Vietz: Ich würde mir wünschen, dass man die Augen aufmacht und anerkennt, wie die Welt da draußen eben aussieht. Die meisten Politiker wissen das längst. Aber die Vorschriften und Gesetze entfernen sich immer weiter von der Realität. Und es ist unglaublich viel Scheinheiligkeit im Spiel.

HB: Wie meinen Sie das?

Vietz: Viele Schmiergeld-Skandale kommen doch nur aus Neid an die Öffentlichkeit. Zwei Konzerne konkurrieren um ein Angebot. Beide schmieren so gut es geht. Und der, der den Auftrag dann nicht bekommt, läuft zu den Behörden und beschwert sich, dass der andere geschmiert hat.

HB: Aber viele Konzerne bauen doch gerade ihre Antikorruptionssysteme aus.

Vietz: Mag sein. Ich kenne allerdings nur Unternehmen, denen ihre Aufträge wichtiger sind als ihre Compliance-Abteilung.

HB: Gibt es in Ihrem Unternehmen eine Compliance-Abteilung?

Vietz: Nein. Bei uns mache ich das selbst.

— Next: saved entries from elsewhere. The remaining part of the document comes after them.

(*
  Write a_k for the Taylor coefficients of f at 0, d for a bound on |f z - f z'| over the
  disc (the diameter of its image) and w = e^(i pi/n). For |u|, |v| <= 1 the function
  f(uz) - f(vz) is bounded by d and has coefficients (u^k - v^k) a_k. Dividing out its zero
  of order j at the origin (Schwarz) and applying Wiener's inequality
  d |b_N| <= d^2 - |b_0|^2 for functions bounded by d gives

    d |u^m - v^m| |a_m| <= d^2 - |u^j - v^j|^2 |a_j|^2   if j < m and a_i = 0 for 0 < i < j.

  Wiener's inequality itself is the Schwarz lemma applied to a Moebius transform of the average
  of the function over the N-th roots of unity.

  With u = 1, v = w, j = 0, m = n this reads 2 |a_n| <= d. If 2 |a_n| = d, the same choice with
  j = k < n forces a_k = 0 for 0 < k < n by induction, while u = e^(i delta), v = w, j = n, m = k > n
  give |e^(i k delta) - w^k| |a_k| = O(delta^2); comparing delta with -delta yields
  |sin (k delta)| |a_k| = O(delta^2), hence a_k = 0.
*)

definition taylor_coeff :: "(complex \<Rightarrow> complex) \<Rightarrow> nat \<Rightarrow> complex" where
  "taylor_coeff h k = (deriv ^^ k) h 0 / fact k"

lemma taylor_coeff_0 [simp]: "taylor_coeff h 0 = h 0"
  by (simp add: taylor_coeff_def)

lemma taylor_coeff_const: "taylor_coeff (\<lambda>z. c) k = (if k = 0 then c else 0)"
  by (simp add: taylor_coeff_def)

lemma taylor_coeff_monomial: "taylor_coeff (\<lambda>z. c * z ^ n) k = (if k = n then c else 0)"
proof -
  have "(\<lambda>z. c * z ^ n) has_fps_expansion fps_const c * fps_X ^ n"
    by (intro has_fps_expansion_cmult_left has_fps_expansion_fps_X_power)
  then have "(fps_const c * fps_X ^ n) $ k = taylor_coeff (\<lambda>z. c * z ^ n) k"
    unfolding taylor_coeff_def by (rule fps_nth_fps_expansion)
  then show ?thesis
    by (cases "k = n") auto
qed

lemma taylor_coeff_add:
  assumes "f holomorphic_on S" "g holomorphic_on S" "open S" "0 \<in> S"
  shows "taylor_coeff (\<lambda>z. f z + g z) k = taylor_coeff f k + taylor_coeff g k"
  using higher_deriv_add[OF assms, of k] by (simp add: taylor_coeff_def add_divide_distrib)

lemma taylor_coeff_diff:
  assumes "f holomorphic_on S" "g holomorphic_on S" "open S" "0 \<in> S"
  shows "taylor_coeff (\<lambda>z. f z - g z) k = taylor_coeff f k - taylor_coeff g k"
  using higher_deriv_diff[OF assms, of k] by (simp add: taylor_coeff_def diff_divide_distrib)

lemma taylor_coeff_cmult:
  assumes "f holomorphic_on S" "open S" "0 \<in> S"
  shows "taylor_coeff (\<lambda>z. c * f z) k = c * taylor_coeff f k"
  using higher_deriv_cmult[OF assms(1,3,2), of k c] by (simp add: taylor_coeff_def)

lemma taylor_coeff_sum:
  assumes "finite I" "\<And>i. i \<in> I \<Longrightarrow> h i holomorphic_on S" "open S" "0 \<in> S"
  shows "taylor_coeff (\<lambda>z. \<Sum>i\<in>I. h i z) k = (\<Sum>i\<in>I. taylor_coeff (h i) k)"
  using assms(1,2)
proof (induction I rule: finite_induct)
  case empty
  then show ?case
    by (simp add: taylor_coeff_const)
next
  case (insert i I)
  then have "taylor_coeff (\<lambda>z. h i z + (\<Sum>j\<in>I. h j z)) k
      = taylor_coeff (h i) k + taylor_coeff (\<lambda>z. \<Sum>j\<in>I. h j z) k"
    using assms(3,4) by (intro taylor_coeff_add holomorphic_on_sum) auto
  with insert show ?case
    by simp
qed

lemma taylor_coeff_const_plus_monomial:
  "taylor_coeff (\<lambda>z. a + c * z ^ n) k = (if k = 0 then a else 0) + (if k = n then c else 0)"
  by (subst taylor_coeff_add[of _ UNIV])
    (auto intro!: holomorphic_intros simp: taylor_coeff_const taylor_coeff_monomial)

lemma taylor_coeff_cong:
  assumes "f holomorphic_on S" "g holomorphic_on S" "open S" "0 \<in> S" "\<And>z. z \<in> S \<Longrightarrow> f z = g z"
  shows "taylor_coeff f k = taylor_coeff g k"
  using higher_deriv_transform_within_open[OF assms] by (simp add: taylor_coeff_def)

lemma eq_if_taylor_coeff_eq:
  assumes "f holomorphic_on S" "g holomorphic_on S" "open S" "connected S" "0 \<in> S"
    and "\<And>k. taylor_coeff f k = taylor_coeff g k" and "z \<in> S"
  shows "f z = g z"
  using holomorphic_fun_eq_on_connected[OF assms(1-4) _ assms(5,7)] assms(6)
  by (simp add: taylor_coeff_def)

lemma mult_in_unit_ball: "cmod u \<le> 1 \<Longrightarrow> z \<in> ball 0 1 \<Longrightarrow> u * z \<in> ball 0 1"
  by (simp add: norm_mult) (meson le_less_trans mult_left_le_one_le norm_ge_zero)

lemma holomorphic_on_rotate:
  assumes "h holomorphic_on ball 0 1" "cmod u \<le> 1"
  shows "(\<lambda>z. h (u * z)) holomorphic_on ball 0 1"
proof -
  have "(h \<circ> (\<lambda>z. u * z)) holomorphic_on ball 0 1"
    by (rule holomorphic_on_compose_gen[OF _ assms(1)])
      (use mult_in_unit_ball[OF assms(2)] in \<open>auto intro: holomorphic_intros\<close>)
  then show ?thesis
    by (simp add: o_def)
qed

lemma taylor_coeff_rotate:
  assumes "h holomorphic_on ball 0 1" "cmod u \<le> 1"
  shows "taylor_coeff (\<lambda>z. h (u * z)) k = u ^ k * taylor_coeff h k"
proof -
  have "(deriv ^^ k) (\<lambda>z. h (u * z)) 0 = u ^ k * (deriv ^^ k) h (u * 0)"
    by (rule higher_deriv_compose_linear[OF assms(1), where S = "ball 0 1"])
      (use mult_in_unit_ball[OF assms(2)] in auto)
  then show ?thesis
    by (simp add: taylor_coeff_def)
qed

lemma holomorphic_factor_power:
  assumes hol: "h holomorphic_on ball 0 1" and vanish: "\<And>i. i < N \<Longrightarrow> taylor_coeff h i = 0"
  obtains \<rho> where "\<rho> holomorphic_on ball 0 1" "\<And>z. z \<in> ball 0 1 \<Longrightarrow> h z = z ^ N * \<rho> z"
    "\<And>i. taylor_coeff \<rho> i = taylor_coeff h (i + N)"
proof -
  define F where "F = fps_expansion h 0"
  define G where "G = fps_shift N F"
  have F_nth: "F $ k = taylor_coeff h k" for k
    by (simp add: F_def fps_expansion_def taylor_coeff_def)
  have "fps_conv_radius F \<ge> ereal 1"
    unfolding F_def by (rule conv_radius_fps_expansion) (use hol in simp)
  then have radius: "fps_conv_radius G \<ge> ereal 1"
    by (simp add: G_def)
  have F_eq: "F = G * fps_X ^ N"
    by (rule fps_ext) (auto simp: G_def fps_X_power_mult_right_nth F_nth vanish)
  have in_radius: "ereal (cmod z) < fps_conv_radius G" if "z \<in> ball 0 1" for z
    by (rule order.strict_trans2[OF _ radius]) (use that in simp)
  show ?thesis
  proof
    show "eval_fps G holomorphic_on ball 0 1"
      using in_radius by (intro holomorphic_on_eval_fps) auto
    fix z :: complex assume z: "z \<in> ball 0 1"
    have "h z = eval_fps F z"
      using eval_fps_expansion'[where f = h and r = "ereal 1" and z = z] hol z by (simp add: F_def)
    also have "\<dots> = z ^ N * eval_fps G z"
      unfolding F_eq using in_radius[OF z] by (subst eval_fps_mult) (auto simp: mult.commute)
    finally show "h z = z ^ N * eval_fps G z" .
  next
    fix i
    have "0 < fps_conv_radius G"
      by (rule order.strict_trans2[OF _ radius]) simp
    then have "G $ i = taylor_coeff (eval_fps G) i"
      unfolding taylor_coeff_def by (intro fps_nth_fps_expansion eval_fps_has_fps_expansion)
    then show "taylor_coeff (eval_fps G) i = taylor_coeff h (i + N)"
      by (simp add: G_def F_nth)
  qed
qed

lemma le_if_mult_power_le_near_1:
  fixes x M a :: real
  assumes "a < 1" and le: "\<And>r. a < r \<Longrightarrow> r < 1 \<Longrightarrow> x * r ^ N \<le> M"
  shows "x \<le> M"
proof -
  have "((\<lambda>r. x * r ^ N) \<longlongrightarrow> x * 1 ^ N) (at_left 1)"
    by (intro tendsto_intros)
  moreover have "eventually (\<lambda>r. x * r ^ N \<le> M) (at_left 1)"
    using eventually_at_left_real[OF \<open>a < 1\<close>] eventually_at_left_real[OF zero_less_one]
    by eventually_elim (use le in auto)
  ultimately have "x * 1 ^ N \<le> M"
    by (intro tendsto_upperbound) (auto simp: trivial_limit_at_left_real)
  then show ?thesis
    by simp
qed

lemma Schwarz_power_bound:
  assumes hol: "s holomorphic_on ball 0 1"
    and bound: "\<And>z. z \<in> ball 0 1 \<Longrightarrow> cmod (z ^ N * s z) \<le> M" and "\<xi> \<in> ball 0 1"
  shows "cmod (s \<xi>) \<le> M"
proof (rule le_if_mult_power_le_near_1)
  show "cmod \<xi> < 1"
    using \<open>\<xi> \<in> ball 0 1\<close> by simp
  fix r :: real assume r: "cmod \<xi> < r" "r < 1"
  then have "0 < r"
    by (meson le_less_trans norm_ge_zero)
  have "cmod (s \<xi>) \<le> M / r ^ N"
  proof (rule maximum_modulus_frontier[of s "cball 0 r"])
    show "s holomorphic_on interior (cball 0 r)" "continuous_on (closure (cball 0 r)) s"
      using r by (auto intro!: holomorphic_on_imp_continuous_on intro: holomorphic_on_subset[OF hol])
    show "\<xi> \<in> cball 0 r"
      using r by simp
    fix z :: complex assume "z \<in> frontier (cball 0 r)"
    then have z: "cmod z = r"
      using \<open>0 < r\<close> by (simp add: frontier_cball)
    then have "r ^ N * cmod (s z) \<le> M"
      using bound[of z] r by (simp add: norm_mult norm_power)
    then show "cmod (s z) \<le> M / r ^ N"
      using \<open>0 < r\<close> by (simp add: field_simps mult.commute)
  qed simp
  then show "cmod (s \<xi>) * r ^ N \<le> M"
    using \<open>0 < r\<close> by (simp add: field_simps)
qed
definition max_abs_coord_except :: "'n::finite \<Rightarrow> real^'n \<Rightarrow> real" where
  "max_abs_coord_except i x = Max ((\<lambda>j. \<bar>x$j\<bar>) ` (UNIV - {i}))"

definition vec_upd :: "real^'n::finite \<Rightarrow> 'n \<Rightarrow> real \<Rightarrow> real^'n" where
  "vec_upd x i t = x + (t - x$i) *\<^sub>R axis i 1"

text \<open>Points whose \<open>i\<close>-th coordinate has maximal modulus, ties going to the smallest index,
  so that these regions partition the space.\<close>
definition dominant_coord_region ::
    "'n::{finite,linorder} \<Rightarrow> (real^'n::{finite,linorder}) set" where
  "dominant_coord_region i =
     {x. \<forall>j. (j < i \<longrightarrow> \<bar>x$j\<bar> < \<bar>x$i\<bar>) \<and> (i < j \<longrightarrow> \<bar>x$j\<bar> \<le> \<bar>x$i\<bar>)}"

lemma vec_upd_nth [simp]: "vec_upd x i t $ j = (if j = i then t else x $ j)"
  by (simp add: vec_upd_def axis_def)

lemma continuous_on_vec_upd [continuous_intros]:
  "continuous_on S f \<Longrightarrow> continuous_on S c \<Longrightarrow> continuous_on S (\<lambda>x. vec_upd (f x) i (c x))"
  unfolding vec_upd_def by (intro continuous_intros)

lemma UNIV_minus_singleton_nonempty:
  assumes "CARD('n::finite) \<ge> 2" shows "(UNIV::'n set) - {i} \<noteq> {}"
proof
  assume "(UNIV::'n set) - {i} = {}"
  then have "(UNIV::'n set) = {i}" by auto
  then have "CARD('n) = 1"
    by (metis card.empty card.insert empty_iff finite.intros(1) One_nat_def)
  with assms show False by simp
qed

lemma max_abs_coord_eq:
  assumes "CARD('n::finite) \<ge> 2"
  shows "max_abs_coord (x::real^'n) = max \<bar>x$i\<bar> (max_abs_coord_except i x)"
proof -
  have "range (\<lambda>j. \<bar>x$j\<bar>) = insert \<bar>x$i\<bar> ((\<lambda>j. \<bar>x$j\<bar>) ` (UNIV - {i}))"
    by auto
  then show ?thesis
    using UNIV_minus_singleton_nonempty[OF assms, of i]
    by (simp add: max_abs_coord_def max_abs_coord_except_def Max_insert)
qed
text \<open>Weak duality: for alpha i > \<delta> L, the lengths (dual i - \<delta>) / (alpha i - \<delta> L) are
  feasible for the covering LP, since every path in PL has at most L edges.\<close>
lemma opt_mult_alpha_le:
  assumes "0 < opt"
  shows "opt * (alpha i - \<delta> * L) \<le> dual_cost i - dual_cost 0"
proof (cases "alpha i \<le> \<delta> * L")
  case True
  then show ?thesis using assms dual_cost_mono[of i] by (smt (verit) mult_nonneg_nonpos)
next
  case False
  define q where "q = alpha i - \<delta> * L"
  have "0 < q" using False by (simp add: q_def)
  define z where "z e = (dual i e - \<delta>) / q" for e
  have "opt \<le> (\<Sum>e\<in>E. c e * z e)"
  proof (rule beta_le_cost)
    show "\<forall>e\<in>E. 0 \<le> c e" "\<forall>e\<in>E. 0 \<le> z e"
      using cap_pos dual_ge_delta \<open>0 < q\<close> by (auto simp: z_def less_imp_le)
    show "\<forall>P\<in>PL. 1 \<le> plen z P"
    proof
      fix P assume P: "P \<in> PL"
      have "plen z P = (plen (dual i) P - \<delta> * card (set (edges_of P))) / q"
        by (simp add: plen_def z_def sum_divide_distrib[symmetric] sum_subtractf)
      moreover have "\<delta> * card (set (edges_of P)) \<le> \<delta> * L"
        using card_edges_of_bounded_path[OF len_ge_1 P] delta_pos by simp
      ultimately show "1 \<le> plen z P"
        using alpha_le_plen[OF P, of i] \<open>0 < q\<close> by (simp add: q_def)
    qed
  qed
  also have "(\<Sum>e\<in>E. c e * z e) = (dual_cost i - dual_cost 0) / q"
    by (simp add: dual_cost_def z_def dual_0 sum_divide_distrib[symmetric] sum_subtractf algebra_simps)
  finally show ?thesis using \<open>0 < q\<close> by (simp add: q_def pos_le_divide_eq)
qed

lemma alpha_le_exp:
  assumes "0 < opt"
  shows "alpha i \<le> \<delta> * L * exp (\<epsilon> * (1 + w) / opt * flow_value E len s t L (primal i))"
proof -
  have "alpha n \<le> \<delta> * L + \<epsilon> * (1 + w) / opt * (\<Sum>j<n. cmin j * alpha j)" for n
    using opt_mult_alpha_le[OF assms, of n] dual_cost_growth[of n] assms
    by (simp add: field_simps)
  then show ?thesis
    unfolding flow_value_primal using cmin_pos alpha_nonneg eps_pos w_nonneg assms delta_pos
    by (intro discrete_gronwall) (auto simp: less_imp_le)
qed

lemma one_le_exp_at_stop:
  assumes "0 < opt"
  shows "1 \<le> \<delta> * L * exp (\<epsilon> * (1 + w) / opt * flow_value E len s t L (primal stop))"
proof -
  have "1 + w \<le> (1 + w) * alpha stop"
    using not_cont_stop plen_path_le[of stop] by (simp add: cont_iff)
  then have "1 \<le> alpha stop" using w_nonneg by simp
  then show ?thesis using alpha_le_exp[OF assms] by (rule order_trans)
qed

end

lemma scaled_value_ge:
  fixes \<epsilon> \<beta> M f :: real
  assumes eps: "0 < \<epsilon>" "\<epsilon> \<le> 1/3" and M: "1 < M" and f: "0 \<le> f"
    and one_le: "0 < \<beta> \<Longrightarrow> 1 \<le> M powr (1 - 1 / \<epsilon>) * exp (\<epsilon> * (1 + \<epsilon>) / \<beta> * f)"
  shows "\<beta> / (1 + 5 * \<epsilon>) \<le> f / (ln M / (\<epsilon> * ln (1 + \<epsilon>)))"
proof (cases "0 < \<beta>")
  case True
  have "0 \<le> ln (M powr (1 - 1 / \<epsilon>) * exp (\<epsilon> * (1 + \<epsilon>) / \<beta> * f))"
    using one_le[OF True] by simp
  then have "(1 / \<epsilon> - 1) * ln M \<le> \<epsilon> * (1 + \<epsilon>) / \<beta> * f"
    using M by (simp add: ln_mult ln_powr algebra_simps)
  then have "(1 - \<epsilon>) * (\<beta> * ln M) \<le> \<epsilon> * (\<epsilon> * (1 + \<epsilon>)) * f"
    using eps True by (simp add: field_simps)
  also have "\<dots> = \<epsilon> * (1 + \<epsilon>) * (\<epsilon> * f)" by (simp add: algebra_simps)
  also have "\<dots> \<le> (1 - \<epsilon>) * (1 + 5 * \<epsilon>) * ln (1 + \<epsilon>) * (\<epsilon> * f)"
    using eps f by (intro mult_right_mono ln_one_plus_ge_ratio) auto
  also have "\<dots> = (1 - \<epsilon>) * (\<epsilon> * (1 + 5 * \<epsilon>) * ln (1 + \<epsilon>) * f)"
    by (simp add: algebra_simps)
  finally have "\<beta> * ln M \<le> \<epsilon> * (1 + 5 * \<epsilon>) * ln (1 + \<epsilon>) * f"
    using eps by simp
  then show ?thesis
    using eps M by (simp add: field_simps)
next
  case False
  then have "\<beta> / (1 + 5 * \<epsilon>) \<le> 0"
    using eps by (intro divide_nonpos_pos) auto
  also have "0 \<le> f / (ln M / (\<epsilon> * ln (1 + \<epsilon>)))"
    using eps M f by simp
  finally show ?thesis .
qed

lemma delta_choice:
  fixes \<epsilon> K \<delta> :: real
  assumes "0 < \<epsilon>" "1 < K" "1 \<le> L" "\<delta> = K / (K * L) powr (1 / \<epsilon>)"
  shows "1 < K * L" "0 < \<delta>" "\<delta> < K"
    and "log (1 + \<epsilon>) (K / \<delta>) = ln (K * L) / (\<epsilon> * ln (1 + \<epsilon>))"
    and "\<delta> * L = (K * L) powr (1 - 1 / \<epsilon>)"
proof -
  have "K * 1 \<le> K * L" using assms by (intro mult_left_mono) auto
  then show M: "1 < K * L" using assms by linarith
  then have Mp: "1 < (K * L) powr (1 / \<epsilon>)"
    using assms by simp
  show "0 < \<delta>" "\<delta> < K" using assms Mp by (simp_all add: divide_less_eq)
  show "log (1 + \<epsilon>) (K / \<delta>) = ln (K * L) / (\<epsilon> * ln (1 + \<epsilon>))"
    using assms M by (simp add: log_def ln_powr)
  show "\<delta> * L = (K * L) powr (1 - 1 / \<epsilon>)"
    using assms M by (simp add: powr_diff)
qed

theorem mainTheorem6:
  fixes E :: "('v \<times> 'v) set" and c :: "'v \<times> 'v \<Rightarrow> real" and len :: "'v \<times> 'v \<Rightarrow> nat"
    and s t :: 'v and L :: nat and \<epsilon> w \<delta> :: real
    and Orc :: "('v \<times> 'v \<Rightarrow> real) \<Rightarrow> 'v list"
  assumes "finite E"
    and "\<forall>e\<in>E. 0 < c e" and "\<forall>e\<in>E. 1 \<le> len e"
    and "s \<noteq> t" and "0 < L"
    and "bounded_paths E len s t L \<noteq> {}"
    and "0 < \<epsilon>" and "\<epsilon> \<le> 1/3"
    and "w = \<epsilon>"
    and "\<delta> = (1 + \<epsilon>) * (1 + w) / (((1 + \<epsilon>) * (1 + w) * real L) powr (1 / \<epsilon>))"
    and "approx_oracle E len s t L w Orc"
  shows "\<exists>\<tau>. (\<forall>i<\<tau>. ag_continue \<epsilon> \<delta> w Orc c i) \<and> \<not> ag_continue \<epsilon> \<delta> w Orc c \<tau>
     \<and> real \<tau> \<le> real (card E) * of_int \<lceil>log (1 + \<epsilon>) ((1 + \<epsilon>) * (1 + w) / \<delta>)\<rceil>
     \<and> feasible_Lflow E c len s t L
         (\<lambda>P. fst (ag_state \<epsilon> \<delta> Orc c \<tau>) P / log (1 + \<epsilon>) ((1 + \<epsilon>) * (1 + w) / \<delta>))
     \<and> flow_value E len s t L
         (\<lambda>P. fst (ag_state \<epsilon> \<delta> Orc c \<tau>) P / log (1 + \<epsilon>) ((1 + \<epsilon>) * (1 + w) / \<delta>))
       \<ge> beta E c len s t L / (1 + 5 * \<epsilon>)"
proof -
  define K where "K = (1 + \<epsilon>) * (1 + w)"
  have "1 < K" using assms by (simp add: K_def less_1_mult)
  have L: "1 \<le> real L" using assms by simp
  have choice: "1 < K * L" "0 < \<delta>" "\<delta> < K"
    "log (1 + \<epsilon>) (K / \<delta>) = ln (K * L) / (\<epsilon> * ln (1 + \<epsilon>))"
    "\<delta> * L = (K * L) powr (1 - 1 / \<epsilon>)"
    using delta_choice[OF \<open>0 < \<epsilon>\<close> \<open>1 < K\<close> L] assms by (simp_all add: K_def)
  interpret approx_general E c len s t L \<epsilon> w \<delta> Orc
    using assms choice by unfold_locales (auto simp: K_def)
  have scale: "scale = ln (K * L) / (\<epsilon> * ln (1 + \<epsilon>))"
    using choice(4) by (simp add: scale_def K_def)
  have "opt / (1 + 5 * \<epsilon>) \<le> flow_value E len s t L (primal stop) / scale"
    unfolding scale using \<open>0 < \<epsilon>\<close> \<open>\<epsilon> \<le> 1/3\<close> choice(1) flow_value_primal_nonneg
  proof (rule scaled_value_ge)
    show "1 \<le> (K * L) powr (1 - 1 / \<epsilon>) * exp (\<epsilon> * (1 + \<epsilon>) / opt * flow_value E len s t L (primal stop))"
      if "0 < opt"
      using one_le_exp_at_stop[OF that] by (simp add: choice(5) \<open>w = \<epsilon>\<close>)
  qed
  then show ?thesis
    using cont_before_stop not_cont_stop stop_le feasible_scaled_primal
    unfolding flow_value_divide primal_def scale_def by blast
qed

end
fun step :: "nat \<Rightarrow> (nat \<Rightarrow> nat \<Rightarrow> real) \<Rightarrow> 'val gstate \<Rightarrow> 'val event \<Rightarrow> 'val gstate \<Rightarrow> bool" where
  "step n w g (Timeout s) g' =
     (let l = loc g s; v = cview l in
      s < n \<and> \<not> crashed l \<and>
      g' = g\<lparr>loc := (loc g)(s := l\<lparr>cv_sent := insert (Suc v) (cv_sent l)\<rparr>),
             net := net g \<union> send_all n s (ChangeView (Suc v))\<rparr>)"
| "step n w g (Deliver src dst m) g' =
     ((src, dst, m) \<in> net g \<and>
      g' = g\<lparr>loc := (loc g)(dst := recv src m (loc g dst)), net := net g - {(src, dst, m)}\<rparr>)"
| "step n w g (Uninstall s) g' =
     (let l = loc g s; v = cview l in
      s < n \<and> \<not> crashed l \<and> Suc v \<in> cv_sent l \<union> cv_rcvd l \<and> v \<notin> su_sent l \<and>
      g' = g\<lparr>loc := (loc g)(s := l\<lparr>cv_sent := insert (Suc v) (cv_sent l), ops_enabled := False,
                                    su_sent := insert v (su_sent l)\<rparr>),
             net := net g \<union> (if Suc v \<in> cv_sent l then {} else send_all n s (ChangeView (Suc v)))
                          \<union> send_all n s (StateUpdate (reg l) v (w v s))\<rparr>)"
| "step n w g (Install s) g' =
     (let l = loc g s; v = cview l in
      s < n \<and> \<not> crashed l \<and> v \<in> su_sent l \<and> su_weight l v > real n / 2 \<and>
      (\<exists>q r wt. (q, r, v, wt) \<in> su_rcvd l \<and>
         (\<forall>q' r' wt'. (q', r', v, wt') \<in> su_rcvd l \<longrightarrow> lex_le (snd r') (snd r)) \<and>
         g' = g\<lparr>loc := (loc g)(s := l\<lparr>cview := Suc v, ops_enabled := True, reg := r\<rparr>)\<rparr>))"
| "step n w g (Op s) g' =
     (let l = loc g s in
      s < n \<and> \<not> crashed l \<and> ops_enabled l \<and>
      (\<exists>r. g' = g\<lparr>loc := (loc g)(s := l\<lparr>reg := r\<rparr>)\<rparr>))"
| "step n w g (Crash s) g' =
     (s < n \<and> g' = g\<lparr>loc := (loc g)(s := (loc g s)\<lparr>crashed := True\<rparr>)\<rparr>)"
| "step n w g Idle g' = (g' = g)"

Die Fragen stellte Sönke Iwersen.

Der Unternehmer

Eginhard Vietz Der 69-Jährige ist Gründer und geschäftsführender Gesellschafter der Vietz GmbH in Hannover. Der Unternehmer ist seit drei Jahrzehnten im Rohrleitungsbau tätig und liefert seine Schweißraupen, Hebegeräte und Biegemaschinen in alle Welt. Sein Jahresumsatz liegt nach eigenen Angaben bei 55 Mio. Euro. Er hat zahlreiche hohe Politiker auf Auslandsreisen begleitet. Vor drei Jahren erregte Vietz Aufsehen, als er offen über seine desaströsen Erfahrungen in China berichtete, wo ihm Geschäftspartner sein geistigen Eigentum stahlen. Vietz hat sich aus China zurückgezogen.